Aline mengemudikan mobil nya dengan kecepatan tinggi dan untungnya jalanan sedang sepi, sehingga Ia tidak mengalami kecelakaan dan sampai di rumah dengan cepat dan selamat.
Aline langsung masuk ke dalam rumahnya yang besar dan mewah. Ia memanggil-manggil ibu nya, karena ayah nya sudah sejak lama meninggal dunia dan ibunya sebagai seorang single parent juga sebagai seorang wanita karir yang selalu sibuk dan jarang memperhatikan dirinya. Aline lebih banyak bersama dengan maid di rumah nya.
Soraya, maid yang bekerja di rumah Aline dengan tergopoh-gopoh datang menghampiri Aline dan bertanya mengapa Ia berteriak-teriak, seperti berada di hutan saja.
Aline langsung memeluk maid yang sudah seperti ibu nya itu dengan erat, “Tadi di sekolah aku bertemu dengan seorang pria yang menakutkan. Ia memakai topi dan kaca mata hitam, hingga aku tidak dapat melihat raut wajah nya. Ia sangat kasar.” Lapor Aline kepada maid nya itu, dengan nada suara dan tubuh yang bergetar ketakutan.

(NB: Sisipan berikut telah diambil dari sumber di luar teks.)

(* Let $V$ be a $\mathbb{Z}$-graded vertex algebra such that $V=C_2(V)$, and let $W$ be an irreducible weak $V$-module. Then $W=\widetilde{C}_2(W)$.
   Context: A vertex algebra $(V,Y,\mathbf{1})$ has vertex operators $Y(v,z)=\sum_{n\in\mathbb{Z}}v_nz^{-n-1}$. A $\mathbb{Z}$-graded vertex algebra is a vertex algebra $V=\bigoplus_{n\in\mathbb{Z}}V_n$ with a conformal vector $\omega\in V_2$, $Y(\omega,z)=\sum_n L(n)z^{-n-2}$, whose modes satisfy the Virasoro relations with some central charge, such that $L(0)v=nv$ for $v\in V_n$ and $Y(L(-1)v,z)=\frac{d}{dz}Y(v,z)$. A weak $V$-module is a vector space $M$ with $Y_M(v,z)=\sum_n v_nz^{-n-1}\in(\mathrm{End}\,M)[[z,z^{-1}]]$ such that $u_nw=0$ for $n\gg0$, $Y_M(\mathbf{1},z)=\mathrm{id}_M$, and the Jacobi identity holds; it is irreducible if it has no weak submodules other than $0$ and itself. Define $C_2(V)=\mathrm{Span}_{\mathbb{C}}\{u_{-2}v\mid u,v\in V\}$ and, for a weak $V$-module $M$, $\widetilde{C}_2(M)=\mathrm{Span}_{\mathbb{C}}\{u_{-2}w\mid u\in V,\ w\in M\}$. $V$ (resp. $M$) is called $C_2$-cofinite if $V/C_2(V)$ (resp. $M/\widetilde{C}_2(M)$) is finite-dimensional. *)

theory Defs
  imports Complex_Main
begin

text \<open>
  Vertex operators are encoded by their modes: Y u n w denotes u_n w,
  i.e. Y(u,z) = sum_n u_n z^(-n-1).
\<close>

definition fsum :: "(nat \<Rightarrow> 'b::comm_monoid_add) \<Rightarrow> 'b" where
  "fsum f = sum f {i. f i \<noteq> 0}"

text \<open>The Jacobi identity, written componentwise (Borcherds identity):
  for all m n l and u v in V, w in M,
  sum_i binom(m,i) (u_(l+i) v)_(m+n-i) w
   = sum_i (-1)^i binom(l,i) (u_(m+l-i) v_(n+i) w - (-1)^l v_(n+l-i) u_(m+i) w).\<close>
definition jacobi ::
  "(complex \<Rightarrow> 'm \<Rightarrow> 'm) \<Rightarrow> ('v \<Rightarrow> int \<Rightarrow> 'v \<Rightarrow> 'v) \<Rightarrow> ('v \<Rightarrow> int \<Rightarrow> 'm \<Rightarrow> 'm::ab_group_add) \<Rightarrow> bool" where
  "jacobi smulM YV YM \<longleftrightarrow>
    (\<forall>u v w m n l.
      fsum (\<lambda>i::nat. smulM ((of_int m :: complex) gchoose i)
                        (YM (YV u (l + int i) v) (m + n - int i) w))
      = fsum (\<lambda>i::nat. smulM ((-1) ^ i * ((of_int l :: complex) gchoose i))
                        (YM u (m + l - int i) (YM v (n + int i) w)
                         - smulM ((-1) powi l) (YM v (n + l - int i) (YM u (m + int i) w)))))"

definition vertex_algebra ::
  "(complex \<Rightarrow> 'v \<Rightarrow> 'v::ab_group_add) \<Rightarrow> ('v \<Rightarrow> int \<Rightarrow> 'v \<Rightarrow> 'v) \<Rightarrow> 'v \<Rightarrow> bool" where
  "vertex_algebra smul Y vac \<longleftrightarrow>
     vector_space smul \<and>
     (\<forall>u n. Vector_Spaces.linear smul smul (Y u n)) \<and>
     (\<forall>w n. Vector_Spaces.linear smul smul (\<lambda>u. Y u n w)) \<and>
     (\<forall>u v. \<exists>N. \<forall>n\<ge>N. Y u n v = 0) \<and>
     (\<forall>n w. Y vac n w = (if n = -1 then w else 0)) \<and>
     (\<forall>v n. n \<ge> 0 \<longrightarrow> Y v n vac = 0) \<and>
     (\<forall>v. Y v (-1) vac = v) \<and>
     jacobi smul Y Y"

definition graded_decomp :: "(complex \<Rightarrow> 'v \<Rightarrow> 'v::ab_group_add) \<Rightarrow> (int \<Rightarrow> 'v set) \<Rightarrow> bool" where
  "graded_decomp smul Vn \<longleftrightarrow>
     (\<forall>n. module.subspace smul (Vn n)) \<and>
     (\<forall>v. \<exists>!f. finite {n. f n \<noteq> 0} \<and> (\<forall>n. f n \<in> Vn n) \<and> v = sum f {n. f n \<noteq> 0})"

text \<open>Z-graded vertex algebra with conformal vector omega in V_2,
  L(n) = omega_(n+1).\<close>
definition Z_graded_VA ::
  "(complex \<Rightarrow> 'v \<Rightarrow> 'v::ab_group_add) \<Rightarrow> ('v \<Rightarrow> int \<Rightarrow> 'v \<Rightarrow> 'v) \<Rightarrow> 'v \<Rightarrow> 'v \<Rightarrow> (int \<Rightarrow> 'v set) \<Rightarrow> bool" where
  "Z_graded_VA smul Y vac \<omega> Vn \<longleftrightarrow>
     vertex_algebra smul Y vac \<and>
     graded_decomp smul Vn \<and>
     \<omega> \<in> Vn 2 \<and>
     (\<exists>c::complex. \<forall>m n v.
        Y \<omega> (m + 1) (Y \<omega> (n + 1) v) - Y \<omega> (n + 1) (Y \<omega> (m + 1) v)
        = smul (of_int (m - n)) (Y \<omega> (m + n + 1) v)
          + smul ((of_int (m ^ 3 - m) / 12) * (if m + n = 0 then 1 else 0) * c) v) \<and>
     (\<forall>n v. v \<in> Vn n \<longrightarrow> Y \<omega> 1 v = smul (of_int n) v) \<and>
     (\<forall>v n w. Y (Y \<omega> 0 v) n w = smul (- of_int n) (Y v (n - 1) w))"

definition weak_module ::
  "(complex \<Rightarrow> 'v \<Rightarrow> 'v::ab_group_add) \<Rightarrow> ('v \<Rightarrow> int \<Rightarrow> 'v \<Rightarrow> 'v) \<Rightarrow> 'v \<Rightarrow>
   (complex \<Rightarrow> 'm \<Rightarrow> 'm::ab_group_add) \<Rightarrow> ('v \<Rightarrow> int \<Rightarrow> 'm \<Rightarrow> 'm) \<Rightarrow> bool" where
  "weak_module smul Y vac smulM YM \<longleftrightarrow>
     vector_space smulM \<and>
     (\<forall>u n. Vector_Spaces.linear smulM smulM (YM u n)) \<and>
     (\<forall>w n. Vector_Spaces.linear smul smulM (\<lambda>u. YM u n w)) \<and>
     (\<forall>u w. \<exists>N. \<forall>n\<ge>N. YM u n w = 0) \<and>
     (\<forall>n w. YM vac n w = (if n = -1 then w else 0)) \<and>
     jacobi smulM Y YM"

definition weak_submodule ::
  "(complex \<Rightarrow> 'm \<Rightarrow> 'm::ab_group_add) \<Rightarrow> ('v \<Rightarrow> int \<Rightarrow> 'm \<Rightarrow> 'm) \<Rightarrow> 'm set \<Rightarrow> bool" where
  "weak_submodule smulM YM N \<longleftrightarrow>
     module.subspace smulM N \<and> (\<forall>u n w. w \<in> N \<longrightarrow> YM u n w \<in> N)"

definition irreducible_weak_module ::
  "(complex \<Rightarrow> 'v \<Rightarrow> 'v::ab_group_add) \<Rightarrow> ('v \<Rightarrow> int \<Rightarrow> 'v \<Rightarrow> 'v) \<Rightarrow> 'v \<Rightarrow>
   (complex \<Rightarrow> 'm \<Rightarrow> 'm::ab_group_add) \<Rightarrow> ('v \<Rightarrow> int \<Rightarrow> 'm \<Rightarrow> 'm) \<Rightarrow> bool" where
  "irreducible_weak_module smul Y vac smulM YM \<longleftrightarrow>
     weak_module smul Y vac smulM YM \<and>
     (\<forall>N. weak_submodule smulM YM N \<longrightarrow> N = {0} \<or> N = UNIV)"

definition C2 :: "(complex \<Rightarrow> 'v \<Rightarrow> 'v::ab_group_add) \<Rightarrow> ('v \<Rightarrow> int \<Rightarrow> 'v \<Rightarrow> 'v) \<Rightarrow> 'v set" where
  "C2 smul Y = module.span smul {Y u (-2) v | u v. True}"

definition C2_tilde ::
  "(complex \<Rightarrow> 'm \<Rightarrow> 'm::ab_group_add) \<Rightarrow> ('v \<Rightarrow> int \<Rightarrow> 'm \<Rightarrow> 'm) \<Rightarrow> 'm set" where
  "C2_tilde smulM YM = module.span smulM {YM u (-2) w | u w. True}"

end

theory Submission
  imports Defs
begin

(* Write C for the span of all u_(-2) w in the module M.  Only two
   instances of the Jacobi identity (m = 0, l = -2) are needed:
   (1) with v the vacuum, (u_(-2) 1)_(-k) w = k u_(-k-1) w, so by induction every
       mode u_(-k) w with k >= 2 lies in C;
   (2) for arbitrary a, b, the element (a_(-2) b)_(-1) w is a finite combination
       of modes a_(-2-i) and b_(-3-i) applied to vectors of M, hence lies in C.
   Since u |-> u_(-1) w is linear, the set of u with u_(-1) w in C is a subspace
   containing every a_(-2) b, hence containing C_2(V) = V, and in particular the
   vacuum; as 1_(-1) w = w, this gives w in C. *)

lemma fsum_single:
  assumes "\<And>i. i \<noteq> j \<Longrightarrow> f i = 0"
  shows "fsum f = f j"
proof (cases "f j = 0")
  case True
  have "f i = 0" for i using True assms by (cases "i = j") auto
  then have "{i. f i \<noteq> 0} = {}" by simp
  then show ?thesis using True by (simp add: fsum_def)
next
  case False
  then have "{i. f i \<noteq> 0} = {j}" using assms by auto
  then show ?thesis by (simp add: fsum_def)
qed

(* Subspaces are closed under fsum (an infinite support gives the value 0). *)
lemma fsum_in_subspace:
  assumes "module s" "module.subspace s S" "\<And>i. f i \<in> S"
  shows "fsum f \<in> S"
proof (cases "finite {i. f i \<noteq> 0}")
  case True
  then show ?thesis unfolding fsum_def by (intro module.subspace_sum[OF assms(1,2)] assms(3))
next
  case False
  then show ?thesis unfolding fsum_def using module.subspace_0[OF assms(1,2)] by simp
qed

lemma signed_gbinomial_neg2: "(-1) ^ j * ((-2::complex) gchoose j) = of_nat (j + 1)"
proof -
  have "(-2::complex) gchoose j = (-1) ^ j * (of_nat (Suc j) gchoose j)"
    using gbinomial_minus[of "2::complex" j] by (simp add: add.commute)
  also have "(of_nat (Suc j) :: complex) gchoose j = of_nat (Suc j)"
    using binomial_gbinomial[of "Suc j" j, where 'a=complex] binomial_Suc_n[of j] by (simp only:)
  finally have "(-1) ^ j * ((-2::complex) gchoose j) = ((-1) ^ j * (-1) ^ j) * of_nat (Suc j)"
    by (simp add: mult.assoc)
  also have "(-1::complex) ^ j * (-1) ^ j = 1" by (simp flip: power_mult_distrib)
  finally show ?thesis by simp
qed

lemma jacobi_product_neg2:
  assumes "module smulM" "jacobi smulM YV YM"
  shows "YM (YV u (-2) v) n w =
    fsum (\<lambda>i::nat. smulM (of_nat (i + 1))
            (YM u (-2 - int i) (YM v (n + int i) w) - YM v (n - 2 - int i) (YM u (int i) w)))"
proof -
  interpret module smulM by (rule assms(1))
  have "fsum (\<lambda>i::nat. smulM ((of_int 0 :: complex) gchoose i)
                        (YM (YV u (-2 + int i) v) (0 + n - int i) w))
      = fsum (\<lambda>i::nat. smulM ((-1) ^ i * ((of_int (-2) :: complex) gchoose i))
                        (YM u (0 + -2 - int i) (YM v (n + int i) w)
                         - smulM ((-1) powi (-2)) (YM v (n + -2 - int i) (YM u (0 + int i) w))))"
    using assms(2) unfolding jacobi_def by blast
  (* binom(0, i) vanishes for i > 0, so the left side is a single term. *)
  moreover have "fsum (\<lambda>i::nat. smulM ((of_int 0 :: complex) gchoose i)
                        (YM (YV u (-2 + int i) v) (0 + n - int i) w)) = YM (YV u (-2) v) n w"
    by (subst fsum_single[where j=0]) (auto simp: gbinomial_0_left)
  (* On the right, (-1)^l = 1 and the binomial signs combine to i + 1. *)
  moreover have "(\<lambda>i::nat. smulM ((-1) ^ i * ((of_int (-2) :: complex) gchoose i))
                        (YM u (0 + -2 - int i) (YM v (n + int i) w)
                         - smulM ((-1) powi (-2)) (YM v (n + -2 - int i) (YM u (0 + int i) w))))
      = (\<lambda>i::nat. smulM (of_nat (i + 1))
            (YM u (-2 - int i) (YM v (n + int i) w) - YM v (n - 2 - int i) (YM u (int i) w)))"
    by (simp add: signed_gbinomial_neg2)
  ultimately show ?thesis by simp
qed

lemma negative_modes_in_C2_tilde:
  assumes M: "weak_module smul Y vac smulM YM" and "k \<ge> 2"
  shows "YM u (- int k) w \<in> C2_tilde smulM YM"
proof -
  interpret vector_space smulM using M by (simp add: weak_module_def)
  have vac: "\<And>n w. YM vac n w = (if n = -1 then w else 0)"
    and J: "jacobi smulM Y YM" using M by (simp_all add: weak_module_def)
  have zero: "YM x n 0 = 0" for x n
    using M vector_space_axioms
    by (simp add: weak_module_def vector_space_pair.linear_0 vector_space_pair_def)
  show ?thesis
    using assms(2)
  proof (induction k arbitrary: u w rule: nat_induct_at_least)
    case base
    show ?case unfolding C2_tilde_def by (rule span_base) auto
  next
    case (Suc k)
    (* Only the term i = k - 1 survives when v is the vacuum. *)
    have "YM (Y u (-2) vac) (- int k) w = smulM (of_nat k) (YM u (- int (Suc k)) w)"
      unfolding jacobi_product_neg2[OF module_axioms J]
    proof (subst fsum_single[where j="k - 1"])
      fix i :: nat assume "i \<noteq> k - 1"
      then show "smulM (of_nat (i + 1)) (YM u (-2 - int i) (YM vac (- int k + int i) w)
                   - YM vac (- int k - 2 - int i) (YM u (int i) w)) = 0"
        using Suc.hyps by (auto simp: vac zero)
    qed (use Suc.hyps in \<open>simp add: vac of_nat_diff\<close>)
    moreover have "YM (Y u (-2) vac) (- int k) w \<in> C2_tilde smulM YM" by (rule Suc.IH)
    ultimately have "smulM (of_nat k) (YM u (- int (Suc k)) w) \<in> C2_tilde smulM YM" by simp
    then have "smulM (inverse (of_nat k)) (smulM (of_nat k) (YM u (- int (Suc k)) w))
               \<in> C2_tilde smulM YM"
      unfolding C2_tilde_def by (rule span_scale)
    moreover have "inverse (of_nat k :: complex) * of_nat k = 1" using Suc.hyps by simp
    ultimately show ?case by simp
  qed
qed

lemma C2_generator_mode_in_C2_tilde:
  assumes M: "weak_module smul Y vac smulM YM"
  shows "YM (Y a (-2) b) (-1) w \<in> C2_tilde smulM YM"
proof -
  interpret vector_space smulM using M by (simp add: weak_module_def)
  have J: "jacobi smulM Y YM" using M by (simp add: weak_module_def)
  have sub: "subspace (C2_tilde smulM YM)" unfolding C2_tilde_def by simp
  have modes: "YM a (-2 - int i) x \<in> C2_tilde smulM YM" "YM b (-1 - 2 - int i) x \<in> C2_tilde smulM YM"
    for i x
  proof -
    have a: "-2 - int i = - int (i + 2)" and b: "-1 - 2 - int i = - int (i + 3)" by simp_all
    show "YM a (-2 - int i) x \<in> C2_tilde smulM YM"
      unfolding a by (rule negative_modes_in_C2_tilde[OF M]) simp
    show "YM b (-1 - 2 - int i) x \<in> C2_tilde smulM YM"
      unfolding b by (rule negative_modes_in_C2_tilde[OF M]) simp
  qed
  show ?thesis
    unfolding jacobi_product_neg2[OF module_axioms J]
    by (rule fsum_in_subspace[OF module_axioms sub], rule subspace_scale[OF sub],
        rule subspace_diff[OF sub modes])
qed

(* The vacuum lies in C_2(V) = V, so w = 1_(-1) w lies in C2_tilde(M). *)
theorem C2_tilde_eq_UNIV_if_C2_eq_UNIV:
  assumes V: "vector_space smul" and M: "weak_module smul Y vac smulM YM"
    and C2: "C2 smul Y = UNIV"
  shows "C2_tilde smulM YM = UNIV"
proof -
  interpret V: vector_space smul by (rule V)
  interpret M: vector_space smulM using M by (simp add: weak_module_def)
  have vac: "YM vac (-1) w = w" for w using M by (simp add: weak_module_def)
  have "vac \<in> {x. YM x (-1) w \<in> C2_tilde smulM YM}" for w
  proof -
    (* Preimage of a subspace under the linear map x |-> x_(-1) w. *)
    have "V.subspace {x. YM x (-1) w \<in> C2_tilde smulM YM}"
      using vector_space_pair.linear_subspace_vimage[of smul smulM "\<lambda>x. YM x (-1) w"
              "C2_tilde smulM YM"] M
      by (simp add: vector_space_pair_def V M.vector_space_axioms weak_module_def
                    vimage_def C2_tilde_def)
    then have "C2 smul Y \<subseteq> {x. YM x (-1) w \<in> C2_tilde smulM YM}"
      unfolding C2_def by (rule V.span_minimal[rotated]) (auto intro: C2_generator_mode_in_C2_tilde[OF M])
    then show ?thesis using C2 by auto
  qed
  then show ?thesis using vac by auto
qed

theorem proposition2p13:
  fixes smul :: "complex \<Rightarrow> 'v \<Rightarrow> 'v::ab_group_add"
    and Y :: "'v \<Rightarrow> int \<Rightarrow> 'v \<Rightarrow> 'v"
    and vac \<omega> :: 'v
    and Vn :: "int \<Rightarrow> 'v set"
    and smulM :: "complex \<Rightarrow> 'm \<Rightarrow> 'm::ab_group_add"
    and YM :: "'v \<Rightarrow> int \<Rightarrow> 'm \<Rightarrow> 'm"
  assumes "Z_graded_VA smul Y vac \<omega> Vn"
    and "C2 smul Y = UNIV"
    and "irreducible_weak_module smul Y vac smulM YM"
  shows "C2_tilde smulM YM = UNIV"
proof (rule C2_tilde_eq_UNIV_if_C2_eq_UNIV)
  show "vector_space smul"
    using assms(1) by (simp add: Z_graded_VA_def vertex_algebra_def)
  show "weak_module smul Y vac smulM YM"
    using assms(3) by (simp add: irreducible_weak_module_def)
qed (rule assms(2))

end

Soraya, maid yang bekerja di rumah Aline, mengurai pelukannya dan berkata, “Mungkin orang itu hanya sedang kesal saja dan kamu menjadi pelampiasannya. Bukankah hari ini di sekolahmu sedang ada acara penghormatan terakhir untuk almarhumah teman kalian, mungkin saja orang itu bagian dari kerabat almarhumah.”
Aline menganggukkan kepalanya dan Ia langsung masuk ke dalam kamar nya untuk mengerjakan tugas yang telah diberikan oleh gurunya.
Ryan Jenning, 22 tahun, setelah empat tahun lamanya, Ia meninggalkan sekolah nya, hari ini Ia datang kembali ke sekolah nya ini. Sekolah yang memberikan banyak kenangan kepadanya.
Ryan berjalan menyusuri lorong sekolah dan menaiki tangga untuk mencapai ruangan kepala sekolah. Ryan, mengetuk pintu ruangan kepala sekolah dengan pelan dan setelah dipersilahkan masuk, Ia pun memasuki ruangan Mrs. Dorothy.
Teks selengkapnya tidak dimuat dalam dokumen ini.